*** Extracted records Section Begins ***
(* Let $\{\mathbb{P}_{s,t}\in\mathcal{Q}:0\le s\le t\}$ be a quadratic harness with parameters $\eta,\theta,\sigma,\tau,\gamma$, and let $\mathbb{A}_t$ ($t>0$) be its infinitesimal generator. For $t>0$ put $$\mathbb{H}_t=\mathbb{A}_t\mathbb{F}-\mathbb{F}\mathbb{A}_t,\qquad \mathbb{T}_t=\mathbb{F}-t\mathbb{H}_t .$$ Then $$\mathbb{H}_t\mathbb{T}_t-\gamma\,\mathbb{T}_t\mathbb{H}_t=\mathbb{E}+\theta\mathbb{H}_t+\eta\mathbb{T}_t+\tau\mathbb{H}_t^{2}+\sigma\mathbb{T}_t^{2}.$$
   Context: $\mathcal{Q}$ denotes the real linear space of all infinite sequences $\mathbb{P}=(p_0,p_1,p_2,\dots)$ of real polynomials in one variable $x$, equipped with the product $\mathbb{P}\mathbb{Q}=\mathbb{R}=(r_0,r_1,\dots)$, where for $\mathbb{Q}=(q_0,q_1,\dots)$ one sets $r_k(x)=\sum_{j=0}^{\deg q_k}[q_k]_j\,p_j(x)$, and $[q]_j$ denotes the coefficient of $x^j$ in $q$. (Equivalently, identifying a linear map $\mathsf{P}$ of the polynomial space with the sequence $(\mathsf{P}(1),\mathsf{P}(x),\mathsf{P}(x^2),\dots)$, the product corresponds to composition $\mathsf{P}\circ\mathsf{Q}$.) Powers are taken with respect to this product. Special elements: $\mathbb{E}=(1,x,x^2,\dots)$ (the identity), $\mathbb{F}=(x,x^2,x^3,\dots)$, $\mathbb{D}=(0,1,x,x^2,\dots)$. A polynomial process is a family $\{\mathbb{P}_{s,t}\in\mathcal{Q}:0\le s\le t\}$ such that: (i) for all $0\le s\le t$ and $n\ge0$ the $n$-th component of $\mathbb{P}_{s,t}$ is a polynomial of degree exactly $n$; (ii) $\mathbb{P}_{s,t}(\mathbb{E}-\mathbb{F}\mathbb{D})=\mathbb{E}-\mathbb{F}\mathbb{D}$; (iii) $\mathbb{P}_{s,t}\mathbb{P}_{t,u}=\mathbb{P}_{s,u}$ for $0\le s\le t\le u$. Given real numbers $\eta,\theta,\sigma,\tau,\gamma$, a polynomial process is a quadratic harness with parameters $\eta,\theta,\sigma,\tau,\gamma$ if: (a) $\mathbb{P}_{s,t}(\mathbb{F}\mathbb{D}-\mathbb{F}^2\mathbb{D}^2)=\mathbb{F}\mathbb{D}-\mathbb{F}^2\mathbb{D}^2$ for all $0\le s\le t$; (b) there is $\mathbb{X}\in\mathcal{Q}$ with $\mathbb{P}_{0,t}\mathbb{F}=(\mathbb{F}+t\mathbb{X})\mathbb{P}_{0,t}$ for all $t\ge0$; (c) this $\mathbb{X}$ satisfies $\mathbb{X}\mathbb{F}-\gamma\mathbb{F}\mathbb{X}=\mathbb{E}+\eta\mathbb{F}+\theta\mathbb{X}+\sigma\mathbb{F}^2+\tau\mathbb{X}^2$. The infinitesimal generator is $\mathbb{A}_t=\lim_{h\to0^+}\frac1h(\mathbb{P}_{t-h,t}-\mathbb{E})\in\mathcal{Q}$, $t>0$, the limit taken coefficientwise in each component (it exists for such processes). *)

theory Defs
  imports Complex_Main "HOL-Computational_Algebra.Polynomial"
begin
*** Extracted records Section Ends ***
The entries above must be returned exactly.

(* Let $\{\mathbb{P}_{s,t}\in\mathcal{Q}:0\le s\le t\}$ be a quadratic harness with parameters $\eta,\theta,\sigma,\tau,\gamma$, and let $\mathbb{A}_t$ ($t>0$) be its infinitesimal generator. For $t>0$ put $$\mathbb{H}_t=\mathbb{A}_t\mathbb{F}-\mathbb{F}\mathbb{A}_t,\qquad \mathbb{T}_t=\mathbb{F}-t\mathbb{H}_t .$$ Then $$\mathbb{H}_t\mathbb{T}_t-\gamma\,\mathbb{T}_t\mathbb{H}_t=\mathbb{E}+\theta\mathbb{H}_t+\eta\mathbb{T}_t+\tau\mathbb{H}_t^{2}+\sigma\mathbb{T}_t^{2}.$$
   Context: $\mathcal{Q}$ denotes the real linear space of all infinite sequences $\mathbb{P}=(p_0,p_1,p_2,\dots)$ of real polynomials in one variable $x$, equipped with the product $\mathbb{P}\mathbb{Q}=\mathbb{R}=(r_0,r_1,\dots)$, where for $\mathbb{Q}=(q_0,q_1,\dots)$ one sets $r_k(x)=\sum_{j=0}^{\deg q_k}[q_k]_j\,p_j(x)$, and $[q]_j$ denotes the coefficient of $x^j$ in $q$. (Equivalently, identifying a linear map $\mathsf{P}$ of the polynomial space with the sequence $(\mathsf{P}(1),\mathsf{P}(x),\mathsf{P}(x^2),\dots)$, the product corresponds to composition $\mathsf{P}\circ\mathsf{Q}$.) Powers are taken with respect to this product. Special elements: $\mathbb{E}=(1,x,x^2,\dots)$ (the identity), $\mathbb{F}=(x,x^2,x^3,\dots)$, $\mathbb{D}=(0,1,x,x^2,\dots)$. A polynomial process is a family $\{\mathbb{P}_{s,t}\in\mathcal{Q}:0\le s\le t\}$ such that: (i) for all $0\le s\le t$ and $n\ge0$ the $n$-th component of $\mathbb{P}_{s,t}$ is a polynomial of degree exactly $n$; (ii) $\mathbb{P}_{s,t}(\mathbb{E}-\mathbb{F}\mathbb{D})=\mathbb{E}-\mathbb{F}\mathbb{D}$; (iii) $\mathbb{P}_{s,t}\mathbb{P}_{t,u}=\mathbb{P}_{s,u}$ for $0\le s\le t\le u$. Given real numbers $\eta,\theta,\sigma,\tau,\gamma$, a polynomial process is a quadratic harness with parameters $\eta,\theta,\sigma,\tau,\gamma$ if: (a) $\mathbb{P}_{s,t}(\mathbb{F}\mathbb{D}-\mathbb{F}^2\mathbb{D}^2)=\mathbb{F}\mathbb{D}-\mathbb{F}^2\mathbb{D}^2$ for all $0\le s\le t$; (b) there is $\mathbb{X}\in\mathcal{Q}$ with $\mathbb{P}_{0,t}\mathbb{F}=(\mathbb{F}+t\mathbb{X})\mathbb{P}_{0,t}$ for all $t\ge0$; (c) this $\mathbb{X}$ satisfies $\mathbb{X}\mathbb{F}-\gamma\mathbb{F}\mathbb{X}=\mathbb{E}+\eta\mathbb{F}+\theta\mathbb{X}+\sigma\mathbb{F}^2+\tau\mathbb{X}^2$. The infinitesimal generator is $\mathbb{A}_t=\lim_{h\to0^+}\frac1h(\mathbb{P}_{t-h,t}-\mathbb{E})\in\mathcal{Q}$, $t>0$, the limit taken coefficientwise in each component (it exists for such processes). *)

theory Defs
  imports Complex_Main "HOL-Computational_Algebra.Polynomial"
begin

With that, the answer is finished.